Седой ягдтерьер одарил девушку таким убийственным взглядом, что будь она более впечатлительной, давно бы рухнула замертво.
— Простите, шутка тупая. Больше не буду. Адрес точный сможете показать, а то я только дом примерно помню. Гавкните там номер квартиры, или еще как…
      Ягдтерьер стукнул по сиденью лапой и глухо взбрехнул в знак согласия.


***


— Однако… — Чернобурцев пригладил волосы и уставился на Ольгу. Голубые глаза преподавателя по воздушному праву словно заледенели.
— Угу… — девушка катала по столу леденец в шуршащей упаковке, сводя с ума впечатлительных котов. — Именно что выходит, кто-то устроил охоту конкретно на оборотней, понимаешь? Какая-то тварь…
— А про Ярченкова ты сама догадалась? — чуть улыбнувшись, уточнил Сергей Алексеевич.
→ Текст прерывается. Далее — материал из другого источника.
lemma TransO_lift_ESD_comp:
  assumes "is_ESD sc q \<sigma>" "\<beta> \<in> TransO (pscale sc) (polyq q)"
  shows "\<exists>\<beta>' \<in> TransO (pscale sc) (polyq q).
           spec sc \<beta>' 1 = \<sigma> \<circ> spec sc \<beta> 1 \<and> spec sc \<beta>' 0 = spec sc \<beta> 0"
proof -
  obtain u v where uv: "unimodular sc u" "q u = 0" "bil q u v = 0" "\<sigma> = ESD_trans sc q u v"
    using assms(1) unfolding is_ESD_def by blast
  let ?T = "ESD_trans (pscale sc) (polyq q) [:u:] (monom v 1)"
  have "?T \<circ> \<beta> \<in> TransO (pscale sc) (polyq q)"
    using TransO.TransO_comp[OF assms(2) is_ESD_lift[OF uv(1-3)]] .
  moreover have "spec sc (?T \<circ> \<beta>) c = ESD_trans sc q u (sc c v) \<circ> spec sc \<beta> c" for c
    by (simp add: spec_ESD_trans_comp peval_const peval_monom)
  moreover have "ESD_trans sc q u 0 = id"
    unfolding ESD_trans_def by (simp add: bil_zero_left q_zero id_def)
  ultimately show ?thesis
    using uv(4) by (metis id_comp scale_one scale_zero_left)
qed

end

theorem mainTheorem16:
  fixes sc :: "'a::comm_ring_1 \<Rightarrow> 'm::ab_group_add \<Rightarrow> 'm"
    and q :: "'m \<Rightarrow> 'a"
    and \<alpha> :: "'m \<Rightarrow> 'm"
  assumes "\<exists>h::'a. 2 * h = 1"
    and "quadratic_space sc q"
    and "\<alpha> \<in> TransO sc q"
  shows "\<exists>\<beta> \<in> TransO (pscale sc) (polyq q). spec sc \<beta> 1 = \<alpha> \<and> spec sc \<beta> 0 = id"
proof -
  interpret quadratic_module sc q
    using assms(2) unfolding quadratic_space_def quadratic_module_def quadratic_module_axioms_def
    by blast
  from assms(3) show ?thesis
  proof (induction rule: TransO.induct)
    case TransO_id
    show ?case using TransO.TransO_id spec_id by blast
  next
    case TransO_comp
    then show ?case using TransO_lift_ESD_comp by metis
  next
    case TransO_inv
    then show ?case using TransO_lift_ESD_comp is_ESD_inv by metis
  qed
qed

end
— По твоей, между прочим, наводке, — Ольга вернула полуулыбку отправителю, но получилось кисло. До конца расслабиться в обществе любимого мужчины не давал пережитый ужас и волнение за Рыжика, все еще находящегося на лечении в ветклинике.
— Как Татьяна Ивановна отреагировала?
— Да как… я прямо среди ночи к ним в дверь позвонила, говорю: «Собачку не вы потеряли? У помойки бегала». Тут она как запричитает только, схватила у меня поводок из руки, плачет… стала деньги какие-то совать. Я попрощалась и — дёру оттуда. Светало уже. Думаю, если у меня на глазах ягдтерьер перекинется в голого замдиректора по учебной работе — я не переживу!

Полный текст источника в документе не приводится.